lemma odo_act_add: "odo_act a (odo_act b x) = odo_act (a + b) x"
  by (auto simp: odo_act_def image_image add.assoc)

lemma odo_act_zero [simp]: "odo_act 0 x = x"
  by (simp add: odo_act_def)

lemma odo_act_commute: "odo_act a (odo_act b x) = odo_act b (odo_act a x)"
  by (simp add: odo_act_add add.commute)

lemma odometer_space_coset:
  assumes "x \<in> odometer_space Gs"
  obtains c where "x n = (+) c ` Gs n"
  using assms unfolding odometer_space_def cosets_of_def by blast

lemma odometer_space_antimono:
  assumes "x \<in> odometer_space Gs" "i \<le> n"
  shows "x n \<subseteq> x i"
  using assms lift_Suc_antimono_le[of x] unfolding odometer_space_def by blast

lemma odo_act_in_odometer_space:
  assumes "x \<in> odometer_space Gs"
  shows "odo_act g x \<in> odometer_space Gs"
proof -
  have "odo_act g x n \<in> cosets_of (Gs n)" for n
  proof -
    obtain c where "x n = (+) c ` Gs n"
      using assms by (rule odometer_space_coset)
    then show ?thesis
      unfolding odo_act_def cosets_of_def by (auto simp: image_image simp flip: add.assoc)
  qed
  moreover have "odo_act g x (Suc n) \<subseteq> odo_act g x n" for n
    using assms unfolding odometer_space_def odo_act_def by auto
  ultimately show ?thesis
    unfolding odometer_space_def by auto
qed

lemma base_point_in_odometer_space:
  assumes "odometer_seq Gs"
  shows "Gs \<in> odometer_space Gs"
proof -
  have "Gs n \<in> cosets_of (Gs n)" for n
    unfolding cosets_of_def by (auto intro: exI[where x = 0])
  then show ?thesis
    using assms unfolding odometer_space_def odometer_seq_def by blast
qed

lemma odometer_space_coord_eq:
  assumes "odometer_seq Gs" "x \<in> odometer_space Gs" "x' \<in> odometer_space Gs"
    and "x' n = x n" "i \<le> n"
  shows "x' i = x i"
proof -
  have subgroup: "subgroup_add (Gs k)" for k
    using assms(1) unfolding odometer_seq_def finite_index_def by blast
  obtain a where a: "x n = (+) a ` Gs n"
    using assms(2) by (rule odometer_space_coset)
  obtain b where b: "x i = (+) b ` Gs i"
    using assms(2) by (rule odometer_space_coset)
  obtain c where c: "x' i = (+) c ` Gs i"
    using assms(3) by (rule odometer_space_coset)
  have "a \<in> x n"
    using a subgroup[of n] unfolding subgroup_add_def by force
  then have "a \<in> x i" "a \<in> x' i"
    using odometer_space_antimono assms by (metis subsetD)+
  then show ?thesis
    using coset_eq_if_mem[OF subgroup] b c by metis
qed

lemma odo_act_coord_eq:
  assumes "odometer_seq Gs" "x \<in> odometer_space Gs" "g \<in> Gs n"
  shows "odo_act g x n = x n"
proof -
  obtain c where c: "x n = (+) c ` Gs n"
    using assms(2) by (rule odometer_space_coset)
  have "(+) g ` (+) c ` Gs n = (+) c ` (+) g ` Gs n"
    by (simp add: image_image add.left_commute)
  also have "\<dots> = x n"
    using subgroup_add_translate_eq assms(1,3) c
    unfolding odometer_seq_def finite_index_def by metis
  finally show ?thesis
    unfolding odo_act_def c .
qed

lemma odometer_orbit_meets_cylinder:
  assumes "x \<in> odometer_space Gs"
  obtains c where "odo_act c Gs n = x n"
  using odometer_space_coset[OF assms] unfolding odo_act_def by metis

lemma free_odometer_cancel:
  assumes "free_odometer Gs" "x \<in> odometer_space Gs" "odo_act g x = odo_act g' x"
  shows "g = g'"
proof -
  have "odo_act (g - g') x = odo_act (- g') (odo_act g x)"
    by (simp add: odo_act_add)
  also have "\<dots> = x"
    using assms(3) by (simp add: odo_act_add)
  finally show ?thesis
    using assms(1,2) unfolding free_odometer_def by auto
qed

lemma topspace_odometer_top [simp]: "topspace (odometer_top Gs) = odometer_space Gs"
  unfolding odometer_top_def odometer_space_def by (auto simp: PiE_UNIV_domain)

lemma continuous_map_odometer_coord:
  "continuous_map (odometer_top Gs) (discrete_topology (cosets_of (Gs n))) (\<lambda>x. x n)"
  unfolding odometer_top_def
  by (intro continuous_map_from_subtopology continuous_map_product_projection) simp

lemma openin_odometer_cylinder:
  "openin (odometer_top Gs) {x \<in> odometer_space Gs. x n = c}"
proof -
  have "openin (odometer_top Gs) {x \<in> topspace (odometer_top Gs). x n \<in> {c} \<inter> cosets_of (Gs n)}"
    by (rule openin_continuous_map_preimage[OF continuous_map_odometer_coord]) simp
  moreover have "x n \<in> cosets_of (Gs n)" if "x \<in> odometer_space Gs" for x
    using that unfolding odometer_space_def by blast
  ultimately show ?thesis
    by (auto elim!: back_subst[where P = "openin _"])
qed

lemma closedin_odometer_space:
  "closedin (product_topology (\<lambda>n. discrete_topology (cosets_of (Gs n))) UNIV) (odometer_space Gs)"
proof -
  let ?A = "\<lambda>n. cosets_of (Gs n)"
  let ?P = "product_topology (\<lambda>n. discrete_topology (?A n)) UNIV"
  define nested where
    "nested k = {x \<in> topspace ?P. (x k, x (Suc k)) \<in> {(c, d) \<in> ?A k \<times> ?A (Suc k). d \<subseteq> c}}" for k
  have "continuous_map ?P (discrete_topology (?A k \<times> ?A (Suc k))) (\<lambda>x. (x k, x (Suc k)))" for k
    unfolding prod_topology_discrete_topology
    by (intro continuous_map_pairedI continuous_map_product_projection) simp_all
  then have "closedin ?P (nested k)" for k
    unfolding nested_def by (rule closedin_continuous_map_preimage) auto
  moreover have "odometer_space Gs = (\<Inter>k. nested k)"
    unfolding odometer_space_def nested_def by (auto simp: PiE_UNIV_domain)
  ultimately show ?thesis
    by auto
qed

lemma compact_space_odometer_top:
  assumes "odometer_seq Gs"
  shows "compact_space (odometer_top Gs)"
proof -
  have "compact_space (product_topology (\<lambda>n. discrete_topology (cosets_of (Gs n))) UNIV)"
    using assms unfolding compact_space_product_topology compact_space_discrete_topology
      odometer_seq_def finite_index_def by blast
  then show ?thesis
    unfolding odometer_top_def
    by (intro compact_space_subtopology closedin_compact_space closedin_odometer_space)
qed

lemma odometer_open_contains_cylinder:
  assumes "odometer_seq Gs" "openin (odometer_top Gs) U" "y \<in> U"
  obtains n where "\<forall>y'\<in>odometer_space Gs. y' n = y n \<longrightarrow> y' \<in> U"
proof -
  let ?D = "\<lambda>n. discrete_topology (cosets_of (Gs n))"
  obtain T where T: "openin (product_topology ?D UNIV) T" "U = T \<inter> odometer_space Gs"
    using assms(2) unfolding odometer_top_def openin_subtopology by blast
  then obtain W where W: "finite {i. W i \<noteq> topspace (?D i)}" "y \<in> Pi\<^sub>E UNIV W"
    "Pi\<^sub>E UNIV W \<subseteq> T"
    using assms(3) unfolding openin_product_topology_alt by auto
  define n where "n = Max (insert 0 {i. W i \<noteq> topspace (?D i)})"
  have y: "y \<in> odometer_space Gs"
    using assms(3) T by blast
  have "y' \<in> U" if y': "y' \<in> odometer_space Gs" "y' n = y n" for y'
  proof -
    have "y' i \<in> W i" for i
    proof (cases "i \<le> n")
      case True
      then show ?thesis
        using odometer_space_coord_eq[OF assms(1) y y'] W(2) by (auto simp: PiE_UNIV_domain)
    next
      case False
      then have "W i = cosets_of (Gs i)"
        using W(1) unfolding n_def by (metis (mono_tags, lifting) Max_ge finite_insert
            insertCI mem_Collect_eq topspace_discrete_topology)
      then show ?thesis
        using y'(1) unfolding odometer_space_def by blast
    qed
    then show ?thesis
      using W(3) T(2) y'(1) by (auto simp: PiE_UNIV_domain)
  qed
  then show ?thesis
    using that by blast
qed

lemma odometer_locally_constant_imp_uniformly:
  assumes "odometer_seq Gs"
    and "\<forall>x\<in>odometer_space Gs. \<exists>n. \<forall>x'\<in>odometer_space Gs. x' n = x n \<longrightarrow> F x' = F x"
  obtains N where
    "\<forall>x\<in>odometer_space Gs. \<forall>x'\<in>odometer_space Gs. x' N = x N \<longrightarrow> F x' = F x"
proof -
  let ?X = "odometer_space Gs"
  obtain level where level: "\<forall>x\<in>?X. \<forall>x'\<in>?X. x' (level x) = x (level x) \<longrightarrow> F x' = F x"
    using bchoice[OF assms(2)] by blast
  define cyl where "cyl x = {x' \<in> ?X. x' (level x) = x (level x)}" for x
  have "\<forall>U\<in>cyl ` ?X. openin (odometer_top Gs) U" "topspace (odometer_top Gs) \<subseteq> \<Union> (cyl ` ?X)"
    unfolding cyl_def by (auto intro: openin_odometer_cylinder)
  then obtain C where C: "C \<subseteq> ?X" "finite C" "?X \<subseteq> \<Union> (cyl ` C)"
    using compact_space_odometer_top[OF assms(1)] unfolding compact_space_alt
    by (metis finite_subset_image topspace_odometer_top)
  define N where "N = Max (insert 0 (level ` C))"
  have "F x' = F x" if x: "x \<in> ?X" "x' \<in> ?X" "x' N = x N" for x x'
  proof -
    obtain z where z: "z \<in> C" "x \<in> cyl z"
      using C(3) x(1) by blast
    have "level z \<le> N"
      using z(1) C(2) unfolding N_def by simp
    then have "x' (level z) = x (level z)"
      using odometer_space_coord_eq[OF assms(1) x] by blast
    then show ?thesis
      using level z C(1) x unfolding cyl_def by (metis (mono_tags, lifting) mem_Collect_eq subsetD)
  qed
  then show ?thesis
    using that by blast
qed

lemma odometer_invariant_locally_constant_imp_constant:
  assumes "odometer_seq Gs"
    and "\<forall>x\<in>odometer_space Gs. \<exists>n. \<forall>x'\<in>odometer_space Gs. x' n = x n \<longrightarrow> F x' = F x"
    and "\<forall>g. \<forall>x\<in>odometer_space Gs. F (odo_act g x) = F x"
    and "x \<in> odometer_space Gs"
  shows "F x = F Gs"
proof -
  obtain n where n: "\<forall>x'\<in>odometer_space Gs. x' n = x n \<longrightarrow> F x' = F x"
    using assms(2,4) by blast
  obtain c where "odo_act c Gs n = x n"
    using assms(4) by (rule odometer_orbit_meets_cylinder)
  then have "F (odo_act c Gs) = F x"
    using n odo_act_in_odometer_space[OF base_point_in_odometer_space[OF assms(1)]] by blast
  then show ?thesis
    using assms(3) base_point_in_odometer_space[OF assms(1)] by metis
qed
...
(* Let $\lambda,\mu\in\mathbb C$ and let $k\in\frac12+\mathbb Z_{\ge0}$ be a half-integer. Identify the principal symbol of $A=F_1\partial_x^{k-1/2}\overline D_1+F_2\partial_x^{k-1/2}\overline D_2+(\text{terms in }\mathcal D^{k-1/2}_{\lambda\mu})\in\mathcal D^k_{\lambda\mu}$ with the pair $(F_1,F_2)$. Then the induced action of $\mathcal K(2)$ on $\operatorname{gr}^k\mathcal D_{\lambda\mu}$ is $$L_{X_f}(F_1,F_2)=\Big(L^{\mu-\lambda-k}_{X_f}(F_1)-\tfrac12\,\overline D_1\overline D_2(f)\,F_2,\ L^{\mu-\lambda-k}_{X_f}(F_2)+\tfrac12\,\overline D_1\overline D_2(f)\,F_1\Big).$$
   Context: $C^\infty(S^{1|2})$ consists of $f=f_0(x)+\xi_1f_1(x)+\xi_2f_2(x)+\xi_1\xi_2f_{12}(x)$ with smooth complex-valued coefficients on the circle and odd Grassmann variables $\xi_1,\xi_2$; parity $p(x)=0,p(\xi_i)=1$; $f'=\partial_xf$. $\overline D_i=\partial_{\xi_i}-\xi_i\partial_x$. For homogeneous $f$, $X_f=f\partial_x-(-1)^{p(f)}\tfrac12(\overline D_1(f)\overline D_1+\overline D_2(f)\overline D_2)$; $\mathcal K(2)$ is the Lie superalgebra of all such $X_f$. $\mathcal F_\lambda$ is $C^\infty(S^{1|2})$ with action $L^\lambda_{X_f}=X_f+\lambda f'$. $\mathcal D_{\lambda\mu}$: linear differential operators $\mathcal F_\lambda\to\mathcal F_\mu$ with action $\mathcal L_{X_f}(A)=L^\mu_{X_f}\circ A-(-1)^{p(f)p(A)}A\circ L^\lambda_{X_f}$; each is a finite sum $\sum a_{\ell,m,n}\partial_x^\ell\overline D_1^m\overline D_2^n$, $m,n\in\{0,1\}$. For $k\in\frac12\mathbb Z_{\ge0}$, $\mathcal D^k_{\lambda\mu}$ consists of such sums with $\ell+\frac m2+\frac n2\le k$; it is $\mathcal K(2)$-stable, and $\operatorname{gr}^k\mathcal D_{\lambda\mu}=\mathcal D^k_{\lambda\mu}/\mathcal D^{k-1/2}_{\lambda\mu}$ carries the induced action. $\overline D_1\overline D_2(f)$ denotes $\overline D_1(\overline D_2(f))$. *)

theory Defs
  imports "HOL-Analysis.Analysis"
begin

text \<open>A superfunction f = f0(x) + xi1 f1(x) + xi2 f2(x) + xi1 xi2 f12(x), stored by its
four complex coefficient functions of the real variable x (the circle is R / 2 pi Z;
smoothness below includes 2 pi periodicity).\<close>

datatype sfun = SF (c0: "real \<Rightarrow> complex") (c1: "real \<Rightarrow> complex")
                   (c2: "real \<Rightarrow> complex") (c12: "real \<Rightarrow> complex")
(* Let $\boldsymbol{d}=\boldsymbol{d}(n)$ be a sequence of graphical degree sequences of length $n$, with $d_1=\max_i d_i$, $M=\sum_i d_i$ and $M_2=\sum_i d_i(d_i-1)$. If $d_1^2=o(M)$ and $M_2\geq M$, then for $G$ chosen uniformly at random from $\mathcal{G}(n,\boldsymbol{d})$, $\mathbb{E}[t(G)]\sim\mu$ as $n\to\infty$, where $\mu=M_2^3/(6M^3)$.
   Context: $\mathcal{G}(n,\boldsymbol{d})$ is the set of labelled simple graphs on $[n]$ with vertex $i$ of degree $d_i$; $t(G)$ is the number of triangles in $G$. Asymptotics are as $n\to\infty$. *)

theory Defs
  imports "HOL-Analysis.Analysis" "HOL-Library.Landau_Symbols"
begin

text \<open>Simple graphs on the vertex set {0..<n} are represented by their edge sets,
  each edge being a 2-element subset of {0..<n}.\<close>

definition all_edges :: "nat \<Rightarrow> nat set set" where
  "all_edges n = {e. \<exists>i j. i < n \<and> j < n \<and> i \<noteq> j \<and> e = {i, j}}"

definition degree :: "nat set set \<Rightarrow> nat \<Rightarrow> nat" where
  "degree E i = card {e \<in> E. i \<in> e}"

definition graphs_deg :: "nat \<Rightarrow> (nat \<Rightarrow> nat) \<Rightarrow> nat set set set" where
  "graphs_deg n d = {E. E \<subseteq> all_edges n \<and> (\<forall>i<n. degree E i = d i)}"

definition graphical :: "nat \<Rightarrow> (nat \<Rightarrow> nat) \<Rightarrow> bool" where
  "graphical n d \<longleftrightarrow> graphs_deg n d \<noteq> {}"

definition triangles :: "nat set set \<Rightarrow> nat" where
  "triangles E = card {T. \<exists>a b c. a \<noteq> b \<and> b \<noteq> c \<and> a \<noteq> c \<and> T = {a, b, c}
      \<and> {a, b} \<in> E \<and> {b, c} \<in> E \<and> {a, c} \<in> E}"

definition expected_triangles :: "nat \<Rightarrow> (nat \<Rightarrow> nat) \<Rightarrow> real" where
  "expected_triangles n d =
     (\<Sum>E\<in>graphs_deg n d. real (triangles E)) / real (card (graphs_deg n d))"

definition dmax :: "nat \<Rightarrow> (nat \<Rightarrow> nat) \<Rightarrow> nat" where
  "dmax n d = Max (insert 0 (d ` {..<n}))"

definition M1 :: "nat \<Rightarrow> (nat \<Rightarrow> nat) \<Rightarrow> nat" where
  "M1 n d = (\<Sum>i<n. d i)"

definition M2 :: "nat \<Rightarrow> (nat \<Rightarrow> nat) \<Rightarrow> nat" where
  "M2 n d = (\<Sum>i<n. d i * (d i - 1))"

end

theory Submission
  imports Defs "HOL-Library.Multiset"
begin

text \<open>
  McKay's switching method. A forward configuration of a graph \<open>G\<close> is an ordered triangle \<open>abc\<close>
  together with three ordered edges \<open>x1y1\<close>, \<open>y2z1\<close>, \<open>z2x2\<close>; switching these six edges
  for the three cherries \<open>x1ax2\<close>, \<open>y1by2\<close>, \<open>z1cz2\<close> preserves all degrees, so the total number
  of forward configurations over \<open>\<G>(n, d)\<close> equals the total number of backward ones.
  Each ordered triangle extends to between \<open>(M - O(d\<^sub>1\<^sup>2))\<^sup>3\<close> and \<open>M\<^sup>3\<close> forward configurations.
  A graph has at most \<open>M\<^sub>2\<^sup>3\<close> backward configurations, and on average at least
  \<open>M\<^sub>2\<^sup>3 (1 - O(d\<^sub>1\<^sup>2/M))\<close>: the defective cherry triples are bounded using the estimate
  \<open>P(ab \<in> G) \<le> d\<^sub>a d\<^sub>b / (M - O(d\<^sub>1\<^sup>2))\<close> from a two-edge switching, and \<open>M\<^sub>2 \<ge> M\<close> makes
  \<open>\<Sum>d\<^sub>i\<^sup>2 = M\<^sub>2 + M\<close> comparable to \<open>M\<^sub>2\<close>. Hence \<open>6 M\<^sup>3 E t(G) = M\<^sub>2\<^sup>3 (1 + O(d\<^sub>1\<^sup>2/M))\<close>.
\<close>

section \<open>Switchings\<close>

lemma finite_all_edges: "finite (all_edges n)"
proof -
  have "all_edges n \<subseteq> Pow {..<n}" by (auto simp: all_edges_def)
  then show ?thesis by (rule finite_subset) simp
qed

What the task requires>
Which lines above run from the one containing "smoothness below includes" to the one containing "nat) \<Rightarrow> nat set"? Give them again exactly, both ends included.

Final answer>
smoothness below includes 2 pi periodicity).\<close>

datatype sfun = SF (c0: "real \<Rightarrow> complex") (c1: "real \<Rightarrow> complex")
                   (c2: "real \<Rightarrow> complex") (c12: "real \<Rightarrow> complex")
(* Let $\boldsymbol{d}=\boldsymbol{d}(n)$ be a sequence of graphical degree sequences of length $n$, with $d_1=\max_i d_i$, $M=\sum_i d_i$ and $M_2=\sum_i d_i(d_i-1)$. If $d_1^2=o(M)$ and $M_2\geq M$, then for $G$ chosen uniformly at random from $\mathcal{G}(n,\boldsymbol{d})$, $\mathbb{E}[t(G)]\sim\mu$ as $n\to\infty$, where $\mu=M_2^3/(6M^3)$.
   Context: $\mathcal{G}(n,\boldsymbol{d})$ is the set of labelled simple graphs on $[n]$ with vertex $i$ of degree $d_i$; $t(G)$ is the number of triangles in $G$. Asymptotics are as $n\to\infty$. *)

theory Defs
  imports "HOL-Analysis.Analysis" "HOL-Library.Landau_Symbols"
begin

text \<open>Simple graphs on the vertex set {0..<n} are represented by their edge sets,
  each edge being a 2-element subset of {0..<n}.\<close>

definition all_edges :: "nat \<Rightarrow> nat set set" where
  "all_edges n = {e. \<exists>i j. i < n \<and> j < n \<and> i \<noteq> j \<and> e = {i, j}}"

definition degree :: "nat set set \<Rightarrow> nat \<Rightarrow> nat" where
  "degree E i = card {e \<in> E. i \<in> e}"

definition graphs_deg :: "nat \<Rightarrow> (nat \<Rightarrow> nat) \<Rightarrow> nat set set set" where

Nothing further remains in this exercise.